BEGIN Records for this exercise
lemma connected_graph_rtranclp:
  assumes "connected_graph E"
  shows "E\<^sup>*\<^sup>* u v"
proof -
  obtain ps where "gpath E ps" "hd ps = u" "last ps = v"
    using assms unfolding connected_graph_def by blast
  with gpath_rtranclp_within[of E ps UNIV] show ?thesis by simp
qed

lemma induces_connected_rtranclp:
  assumes "induces_connected E S" "u \<in> S" "v \<in> S"
  shows "(\<lambda>x y. E x y \<and> x \<in> S \<and> y \<in> S)\<^sup>*\<^sup>* u v"
proof -
  obtain ps where "gpath E ps" "hd ps = u" "last ps = v" "set ps \<subseteq> S"
    using assms unfolding induces_connected_def by blast
  with gpath_rtranclp_within[of E ps S] show ?thesis by simp
qed

lemma gpath_of_rtrancl_path:
  assumes "rtrancl_path r x xs y" "distinct (x # xs)" "\<And>a b. r a b \<Longrightarrow> E a b"
  shows "gpath E (x # xs)" "last (x # xs) = y"
proof -
  show "gpath E (x # xs)" unfolding gpath_def
  proof (intro conjI allI impI)
    fix i assume "Suc i < length (x # xs)"
    then have "i < length xs" by simp
    from rtrancl_path_nth[OF assms(1) this] assms(3)
    show "E ((x # xs) ! i) ((x # xs) ! Suc i)" by simp
  qed (use assms in auto)
  show "last (x # xs) = y"
  proof (cases xs)
    case Nil
    then show ?thesis using assms(1) by (auto elim: rtrancl_path.cases)
  next
    case (Cons a list)
    then show ?thesis using rtrancl_path_last[OF assms(1)] by simp
  qed
qed
lemma sum_hit_walks_le:
  assumes "\<eta> \<notin> A"
  shows "sum (walk_weight killed_jump) (hit_walks M)
    \<le> sum (walk_weight killed_jump) (loop_walks M) * sum (walk_weight killed_jump) (exit_walks M)"
  using hit_walk_split_last_visit[OF assms]
  by (intro sum_walk_weight_split_le[OF finite_walk_sets(2,4)])
    (auto simp: loop_walks_def exit_walks_def intro: killed_walk_weight_nonneg)

lemma sum_loop_walks_le:
  "sum (walk_weight killed_jump) (loop_walks M)
    \<le> 1 + sum (walk_weight killed_jump) (excursions M)
          * sum (walk_weight killed_jump) (loop_walks M)"
proof -
  define short where "short = {xs \<in> loop_walks M. length xs < 2}"
  define long where "long = {xs \<in> loop_walks M. 2 \<le> length xs}"
  have "short \<subseteq> {[\<eta>]}"
  proof
    fix xs assume "xs \<in> short"
    then have "xs \<noteq> []" "length xs < 2" "xs ! 0 = \<eta>" by (auto simp: short_def loop_walks_def)
    then show "xs \<in> {[\<eta>]}" by (cases xs) auto
  qed
  then have "short = {} \<or> short = {[\<eta>]}" by (rule subset_singletonD)
  then have short_le: "sum (walk_weight killed_jump) short \<le> 1" by auto
  have long_le: "sum (walk_weight killed_jump) long
      \<le> sum (walk_weight killed_jump) (excursions M) * sum (walk_weight killed_jump) (loop_walks M)"
    using loop_walk_split_first_return
    by (intro sum_walk_weight_split_le[OF finite_walk_sets(3,2)])
      (auto simp: long_def loop_walks_def excursions_def intro: killed_walk_weight_nonneg)
  have "loop_walks M = short \<union> long" "short \<inter> long = {}"
    by (auto simp: short_def long_def)
  moreover have "finite short" "finite long"
    using finite_walk_sets(2) by (auto simp: short_def long_def)
  ultimately have "sum (walk_weight killed_jump) (loop_walks M)
      = sum (walk_weight killed_jump) short + sum (walk_weight killed_jump) long"
    by (simp add: sum.union_disjoint)
  with short_le long_le show ?thesis by linarith
qed

lemma sum_arrival_walks_le_1:
  assumes "y \<in> \<Omega>"
  shows "sum (walk_weight reversed_jump) (arrival_walks y M) \<le> 1"
proof (rule sum_walk_weight_stopped_le_1[OF finite_states reversed_jump_nonneg
      sum_reversed_jump_le_1 assms finite_walk_sets(5), where k = 0 and T = "{\<eta>}"])
  fix zs assume "zs \<in> arrival_walks y M"
  then have "zs \<noteq> []" "set zs \<subseteq> \<Omega>" "zs ! 0 = y" "zs ! (length zs - 1) = \<eta>"
    "\<forall>i<length zs - 1. zs ! i \<noteq> \<eta>"
    by (simp_all add: arrival_walks_def)
  then show "hd zs = y \<and> set zs \<subseteq> \<Omega> \<and> 0 < length zs \<and> last zs \<in> {\<eta>} \<and>
      (\<forall>i. 0 \<le> i \<and> i < length zs - 1 \<longrightarrow> zs ! i \<notin> {\<eta>})"
    by (simp add: hd_conv_nth last_conv_nth)
qed

lemma exit_walk_reversal:
  assumes "\<eta> \<notin> A" and "xs \<in> exit_walks M"
  obtains zs a where "xs = zs @ [a]" "a \<in> A" "last zs \<in> \<Omega> - A" "rev zs \<in> arrival_walks (last zs) M"
    "\<nu> \<eta> * (lam \<eta> + \<gamma>) * walk_weight killed_jump xs
      = \<nu> (last zs) * R (last zs) a * walk_weight reversed_jump (rev zs)"
proof -
  have H: "xs \<noteq> []" "set xs \<subseteq> \<Omega>" "length xs \<le> M" "xs ! 0 = \<eta>" "xs ! (length xs - 1) \<in> A"
    "\<forall>i<length xs - 1. xs ! i \<notin> A \<and> (0 < i \<longrightarrow> xs ! i \<noteq> \<eta>)"
    using assms(2) by (auto simp: exit_walks_def)
  define zs where "zs = butlast xs"
  define a where "a = last xs"
  define y where "y = last zs"
  have xs: "xs = zs @ [a]" using H(1) by (simp add: zs_def a_def)
  have "length xs \<noteq> 1" using H(4,5) assms(1) by auto
  then have len2: "2 \<le> length xs" using H(1) by (cases xs) (auto simp: Suc_le_eq)
  then have len: "length zs = length xs - 1" and zs_ne: "zs \<noteq> []"
    by (simp_all add: zs_def flip: length_greater_0_conv)
  have zs_nth: "zs ! i = xs ! i" if "i < length zs" for i
    using that by (simp add: zs_def nth_butlast)
  have a: "a \<in> A" using H(1,5) by (simp add: a_def last_conv_nth)
  have zs_set: "set zs \<subseteq> \<Omega>" using H(2) by (simp add: zs_def) (meson in_set_butlastD subset_iff)
  have hd_zs: "hd zs = \<eta>" using zs_ne zs_nth[of 0] H(4) by (simp add: hd_conv_nth)
  have y: "y = xs ! (length zs - 1)" using zs_ne zs_nth by (simp add: y_def last_conv_nth)
  have "y \<in> \<Omega>" using zs_ne zs_set by (auto simp: y_def)
  moreover have "y \<notin> A" using H(6) y len len2 by auto
  moreover have "rev zs \<in> arrival_walks y M"
  proof -
    have "\<forall>i<length zs. rev zs ! i \<notin> A"
      using H(6) len zs_nth by (auto simp: rev_nth)
    moreover have "rev zs ! i \<noteq> \<eta>" if i: "i < length zs - 1" for i
    proof -
      have "rev zs ! i = xs ! (length zs - Suc i)" using i zs_nth by (simp add: rev_nth)
      moreover have "0 < length zs - Suc i" "length zs - Suc i < length xs - 1" using i len by auto
      ultimately show ?thesis using H(6) by auto
    qed
    moreover have "rev zs ! 0 = y" using zs_ne by (simp add: rev_nth y_def last_conv_nth)
    moreover have "rev zs ! (length zs - 1) = \<eta>"
      using zs_ne hd_zs by (simp add: rev_nth hd_conv_nth)
    ultimately show ?thesis using len zs_ne zs_set H(3) by (auto simp: arrival_walks_def)
  qed
  moreover have "\<nu> \<eta> * (lam \<eta> + \<gamma>) * walk_weight killed_jump xs
      = \<nu> y * R y a * walk_weight reversed_jump (rev zs)"
    using killed_walk_weight_snoc_reversal[OF zs_ne zs_set] by (simp add: xs hd_zs y_def)
  ultimately show ?thesis using that xs a by (simp add: y_def)
qed

text \<open>Reversing the part of a hitting walk after its last visit to \<open>\<eta>\<close> turns it into an entrance
  step \<open>y \<rightarrow> a\<close> from \<open>\<Omega> - A\<close> into \<open>A\<close>, weighted by \<open>\<nu>\<close>, followed by a reversed walk from \<open>y\<close> which
  stops at its first visit to \<open>\<eta>\<close>.\<close>
lemma sum_exit_walks_le:
  assumes "\<eta> \<notin> A"
  shows "\<nu> \<eta> * (lam \<eta> + \<gamma>) * sum (walk_weight killed_jump) (exit_walks M) \<le> entrance_flow A"
proof -
  define G where "G xs = (last (butlast xs), last xs, rev (butlast xs))" for xs :: "'a list"
  define h where "h = (\<lambda>(y, a, zs). \<nu> y * R y a * walk_weight reversed_jump zs)"
  define T where "T = (SIGMA y:\<Omega> - A. A \<times> arrival_walks y M)"
  have G: "G xs \<in> T \<and> \<nu> \<eta> * (lam \<eta> + \<gamma>) * walk_weight killed_jump xs = h (G xs)"
    if "xs \<in> exit_walks M" for xs
    by (rule exit_walk_reversal[OF assms that]) (auto simp: G_def T_def h_def)
  have "inj_on G (exit_walks M)"
  proof (rule inj_onI)
    fix xs ys assume "G xs = G ys" "xs \<in> exit_walks M" "ys \<in> exit_walks M"
    then have "butlast xs = butlast ys" "last xs = last ys" "xs \<noteq> []" "ys \<noteq> []"
      by (auto simp: G_def exit_walks_def)
    then show "xs = ys" by (metis append_butlast_last_id)
  qed
  then have "\<nu> \<eta> * (lam \<eta> + \<gamma>) * sum (walk_weight killed_jump) (exit_walks M)
      = sum h (G ` exit_walks M)"
    by (simp add: sum_distrib_left G sum.reindex)
  also have "\<dots> \<le> sum h T"
  proof (rule sum_mono2)
    show "finite T"
      unfolding T_def using finite_states target_subset finite_walk_sets(5)
      by (intro finite_SigmaI finite_cartesian_product) (auto intro: finite_subset)
    show "G ` exit_walks M \<subseteq> T" using G by blast
    show "0 \<le> h b" if "b \<in> T - G ` exit_walks M" for b
      using that target_subset
      by (auto simp: T_def h_def arrival_walks_def intro!: mult_nonneg_nonneg rates_nonneg
          walk_weight_nonneg[OF reversed_jump_nonneg] less_imp_le[OF stationary_pos])
  qed
  also have "\<dots> = (\<Sum>y\<in>\<Omega> - A. \<Sum>a\<in>A.
      \<nu> y * R y a * sum (walk_weight reversed_jump) (arrival_walks y M))"
    unfolding T_def h_def
    using finite_states finite_subset[OF target_subset finite_states] finite_walk_sets(5)
    by (simp add: sum.Sigma[symmetric] sum.cartesian_product[symmetric] sum_distrib_left)
  also have "\<dots> \<le> (\<Sum>y\<in>\<Omega> - A. \<Sum>a\<in>A. \<nu> y * R y a)"
  proof (intro sum_mono)
    fix y a assume "y \<in> \<Omega> - A" "a \<in> A"
    moreover from this have "0 \<le> \<nu> y * R y a"
      using target_subset
      by (auto intro!: mult_nonneg_nonneg rates_nonneg less_imp_le[OF stationary_pos])
    ultimately show
      "\<nu> y * R y a * sum (walk_weight reversed_jump) (arrival_walks y M) \<le> \<nu> y * R y a"
      using sum_arrival_walks_le_1 by (simp add: mult_left_le)
  qed
  also have "\<dots> = entrance_flow A"
    by (simp add: entrance_flow_eq)
  finally show ?thesis .
qed
lemma monomial_map_hom:
  assumes "h 0 = 0" "\<And>x y. h (x + y) = h x + h y"
  shows "monomial_map (\<lambda>v. h (b v)) p = pushforward h (monomial_map b p)"
proof -
  have "lincomb (\<lambda>v. h (b v)) = (\<lambda>m. h (lincomb b m))"
    by (rule ext) (rule lincomb_hom[OF assms])
  then show ?thesis by (simp add: monomial_map_def pushforward_pushforward)
qed

lemma subst_hom_eq_monomial_map:
  "subst_hom (\<lambda>v. Poly_Mapping.single (b v) 1) p = monomial_map b p"
  unfolding subst_hom_def monomial_map_def pushforward_def
  by (rule sum.cong) (simp_all add: single_one_power prod_single_one mult_single lincomb_def)

lemma toric_ideal_iff: "p \<in> toric_ideal V a \<longleftrightarrow> p \<in> polys_in V \<and> monomial_map a p = 0"
  by (simp add: toric_ideal_def subst_hom_eq_monomial_map)

lemma rename_vars_eq_monomial_map:
  "rename_vars f p = monomial_map (\<lambda>v. Poly_Mapping.single (f v) 1) p"
  by (simp add: rename_vars_def subst_hom_eq_monomial_map)

lemma rename_vars_eq_pushforward: "rename_vars f p = pushforward (pushforward f) p"
  unfolding rename_vars_eq_monomial_map monomial_map_def lincomb_single_one[abs_def] ..

lemma phiQ_eq_monomial_map:
  "phiQ p = monomial_map (\<lambda>(j, k). Poly_Mapping.single (Inl j) 1 + Poly_Mapping.single (Inr k) 1) p"
  unfolding phiQ_def subst_hom_eq_monomial_map[symmetric] by (simp add: case_prod_beta')

lemma monomial_map_kernel_spanned_by_binomials:
  fixes p :: "('v \<Rightarrow>\<^sub>0 nat) \<Rightarrow>\<^sub>0 'K::comm_ring_1"
  assumes "monomial_map b p = 0"
  shows "p \<in> ring_module.span
    {Poly_Mapping.single m 1 - Poly_Mapping.single m' 1 | m m'. lincomb b m = lincomb b m'}"
    (is "_ \<in> ring_module.span ?binomials")
proof -
  \<comment> \<open>Subtract from p its pushforward along a section of lincomb b, which vanishes
     because it factors through monomial_map b p = 0.\<close>
  define pick where "pick e = (SOME m. lincomb b m = e)" for e
  have lincomb_pick: "lincomb b (pick (lincomb b m)) = lincomb b m" for m
    unfolding pick_def by (rule someI) (rule refl)
  have "pushforward (\<lambda>m. pick (lincomb b m)) p = pushforward pick (monomial_map b p)"
    by (simp add: monomial_map_def pushforward_pushforward)
  then have "p = pushforward (\<lambda>m. m) p - pushforward (\<lambda>m. pick (lincomb b m)) p"
    using assms by (simp add: pushforward_id)
  also have "\<dots> = (\<Sum>m\<in>Poly_Mapping.keys p. Poly_Mapping.single 0 (Poly_Mapping.lookup p m)
      * (Poly_Mapping.single m 1 - Poly_Mapping.single (pick (lincomb b m)) 1))"
    by (simp add: pushforward_def sum_subtractf right_diff_distrib mult_single)
  also have "\<dots> \<in> ring_module.span ?binomials"
    using lincomb_pick[symmetric]
    by (intro ring_module.span_sum ring_module.span_scale ring_module.span_base) blast
  finally show ?thesis .
qed

lemma lookup_stack:
  "Poly_Mapping.lookup (stack x y) = case_sum (Poly_Mapping.lookup x) (Poly_Mapping.lookup y)"
proof -
  have "case_sum (Poly_Mapping.lookup x) (Poly_Mapping.lookup y)
      = Poly_Mapping.lookup (pushforward Inl x + pushforward Inr y)"
    by (simp add: fun_eq_iff lookup_add lookup_pushforward_inj lookup_pushforward_notin_range
        split: sum.split)
  then show ?thesis
    by (simp add: stack_def lookup_inverse)
qed

lemma stack_add: "stack x y + stack x' y' = stack (x + x') (y + y')"
  by (rule poly_mapping_eqI) (simp add: lookup_add lookup_stack split: sum.split)

lemma stack_zero [simp]: "stack 0 0 = 0"
  by (rule poly_mapping_eqI) (simp add: lookup_stack split: sum.split)

lemma stack_eq_iff: "stack x y = stack x' y' \<longleftrightarrow> x = x' \<and> y = y'"
  by (metis lookup_stack poly_mapping_eqI sum.case)

definition block_diag ::
    "('j \<Rightarrow> 'd \<Rightarrow>\<^sub>0 int) \<Rightarrow> ('k \<Rightarrow> 'e \<Rightarrow>\<^sub>0 int) \<Rightarrow> 'j + 'k \<Rightarrow> 'd + 'e \<Rightarrow>\<^sub>0 int" where
  "block_diag a a' = case_sum (\<lambda>j. stack (a j) 0) (\<lambda>k. stack 0 (a' k))"

lemma lincomb_block_diag:
  "lincomb (block_diag a a') (pushforward Inl u + pushforward Inr v) = stack (lincomb a u) (lincomb a' v)"
proof -
  have "lincomb (\<lambda>j. block_diag a a' (Inl j)) u = stack (lincomb a u) 0"
    unfolding block_diag_def sum.case by (rule lincomb_hom) (simp_all add: stack_add)
  moreover have "lincomb (\<lambda>k. block_diag a a' (Inr k)) v = stack 0 (lincomb a' v)"
    unfolding block_diag_def sum.case by (rule lincomb_hom) (simp_all add: stack_add)
  ultimately show ?thesis
    by (simp add: lincomb_add lincomb_pushforward stack_add)
qed

lemma pushforward_Inl_Inr_decomposition:
  "m = pushforward Inl (Poly_Mapping.map_key Inl m) + pushforward Inr (Poly_Mapping.map_key Inr m)"
proof (rule poly_mapping_eqI)
  fix x :: "'a + 'b"
  show "Poly_Mapping.lookup m x = Poly_Mapping.lookup
      (pushforward Inl (Poly_Mapping.map_key Inl m) + pushforward Inr (Poly_Mapping.map_key Inr m)) x"
    by (cases x) (simp_all add: lookup_add lookup_pushforward_inj lookup_pushforward_notin_range
        Poly_Mapping.map_key.rep_eq)
qed

lemma renamed_binomial_in_toric_ideal:
  assumes "lincomb a u = lincomb a u'"
  shows "Poly_Mapping.single (pushforward f u) 1 - Poly_Mapping.single (pushforward f u') 1
    \<in> rename_vars f ` (toric_ideal UNIV a :: (_, 'K::field) mpoly set)"
proof
  show "Poly_Mapping.single (pushforward f u) 1 - Poly_Mapping.single (pushforward f u') 1
      = rename_vars f (Poly_Mapping.single u 1 - Poly_Mapping.single u' 1 :: (_, 'K) mpoly)"
    by (simp add: rename_vars_eq_pushforward pushforward_diff)
  show "Poly_Mapping.single u 1 - Poly_Mapping.single u' 1 \<in> (toric_ideal UNIV a :: (_, 'K) mpoly set)"
    using assms by (simp add: toric_ideal_iff polys_in_def monomial_map_diff)
qed

lemma binomial_in_ideal_sum_xy:
  fixes a :: "'j \<Rightarrow> 'd \<Rightarrow>\<^sub>0 int" and a' :: "'k \<Rightarrow> 'e \<Rightarrow>\<^sub>0 int"
    and m m' :: "'j + 'k \<Rightarrow>\<^sub>0 nat"
  assumes "lincomb (block_diag a a') m = lincomb (block_diag a a') m'"
  shows "(Poly_Mapping.single m 1 - Poly_Mapping.single m' 1 :: ('j + 'k, 'K::field) mpoly)
    \<in> ideal_sum_xy (toric_ideal UNIV a) (toric_ideal UNIV a')"
proof -
  obtain u v u' v' where
    m: "m = pushforward Inl u + pushforward Inr v" and m': "m' = pushforward Inl u' + pushforward Inr v'"
    using pushforward_Inl_Inr_decomposition by metis
  from assms have "lincomb a u = lincomb a u'" and "lincomb a' v = lincomb a' v'"
    by (simp_all add: m m' lincomb_block_diag stack_eq_iff)
  then have x: "Poly_Mapping.single (pushforward Inl u) 1 - Poly_Mapping.single (pushforward Inl u') 1
        \<in> rename_vars Inl ` (toric_ideal UNIV a :: ('j, 'K) mpoly set)"
    and y: "Poly_Mapping.single (pushforward Inr v) 1 - Poly_Mapping.single (pushforward Inr v') 1
        \<in> rename_vars Inr ` (toric_ideal UNIV a' :: ('k, 'K) mpoly set)"
    by (simp_all add: renamed_binomial_in_toric_ideal)
  let ?X = "\<lambda>u. Poly_Mapping.single (pushforward Inl u) (1::'K)"
  let ?Y = "\<lambda>v. Poly_Mapping.single (pushforward Inr v) (1::'K)"
  let ?generators = "rename_vars Inl ` (toric_ideal UNIV a :: ('j, 'K) mpoly set)
    \<union> rename_vars Inr ` (toric_ideal UNIV a' :: ('k, 'K) mpoly set)"
  from x y have "?X u - ?X u' \<in> ring_module.span ?generators"
    and "?Y v - ?Y v' \<in> ring_module.span ?generators"
    by (auto intro: ring_module.span_base)
  then have "?Y v * (?X u - ?X u') + ?X u' * (?Y v - ?Y v') \<in> ring_module.span ?generators"
    by (intro ring_module.span_add ring_module.span_scale)
  also have "?Y v * (?X u - ?X u') + ?X u' * (?Y v - ?Y v')
      = Poly_Mapping.single m 1 - Poly_Mapping.single m' 1"
    by (simp add: m m' mult_single algebra_simps)
  finally show ?thesis
    unfolding ideal_sum_xy_def gen_ideal_eq_span .
qed

lemma monomial_map_block_diag_rename_vars:
  "monomial_map (block_diag a a') (rename_vars Inl p) = pushforward (\<lambda>x. stack x 0) (monomial_map a p)"
  "monomial_map (block_diag a a') (rename_vars Inr q) = pushforward (stack 0) (monomial_map a' q)"
  by (simp_all add: rename_vars_eq_monomial_map monomial_map_monomial_map block_diag_def stack_add
      monomial_map_hom[where h = "\<lambda>x. stack x 0"] monomial_map_hom[where h = "stack 0"])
END Records for this exercise
Action item — Using the records above, restate word for word the lines from the one with "monomial_map (\<lambda>v. Poly_Mapping.single" through the one with "pushforward (\<lambda>m. m)", both included.

Written reply —
  "rename_vars f p = monomial_map (\<lambda>v. Poly_Mapping.single (f v) 1) p"
  by (simp add: rename_vars_def subst_hom_eq_monomial_map)

lemma rename_vars_eq_pushforward: "rename_vars f p = pushforward (pushforward f) p"
  unfolding rename_vars_eq_monomial_map monomial_map_def lincomb_single_one[abs_def] ..

lemma phiQ_eq_monomial_map:
  "phiQ p = monomial_map (\<lambda>(j, k). Poly_Mapping.single (Inl j) 1 + Poly_Mapping.single (Inr k) 1) p"
  unfolding phiQ_def subst_hom_eq_monomial_map[symmetric] by (simp add: case_prod_beta')

lemma monomial_map_kernel_spanned_by_binomials:
  fixes p :: "('v \<Rightarrow>\<^sub>0 nat) \<Rightarrow>\<^sub>0 'K::comm_ring_1"
  assumes "monomial_map b p = 0"
  shows "p \<in> ring_module.span
    {Poly_Mapping.single m 1 - Poly_Mapping.single m' 1 | m m'. lincomb b m = lincomb b m'}"
    (is "_ \<in> ring_module.span ?binomials")
proof -
  \<comment> \<open>Subtract from p its pushforward along a section of lincomb b, which vanishes
     because it factors through monomial_map b p = 0.\<close>
  define pick where "pick e = (SOME m. lincomb b m = e)" for e
  have lincomb_pick: "lincomb b (pick (lincomb b m)) = lincomb b m" for m
    unfolding pick_def by (rule someI) (rule refl)
  have "pushforward (\<lambda>m. pick (lincomb b m)) p = pushforward pick (monomial_map b p)"
    by (simp add: monomial_map_def pushforward_pushforward)
  then have "p = pushforward (\<lambda>m. m) p - pushforward (\<lambda>m. pick (lincomb b m)) p"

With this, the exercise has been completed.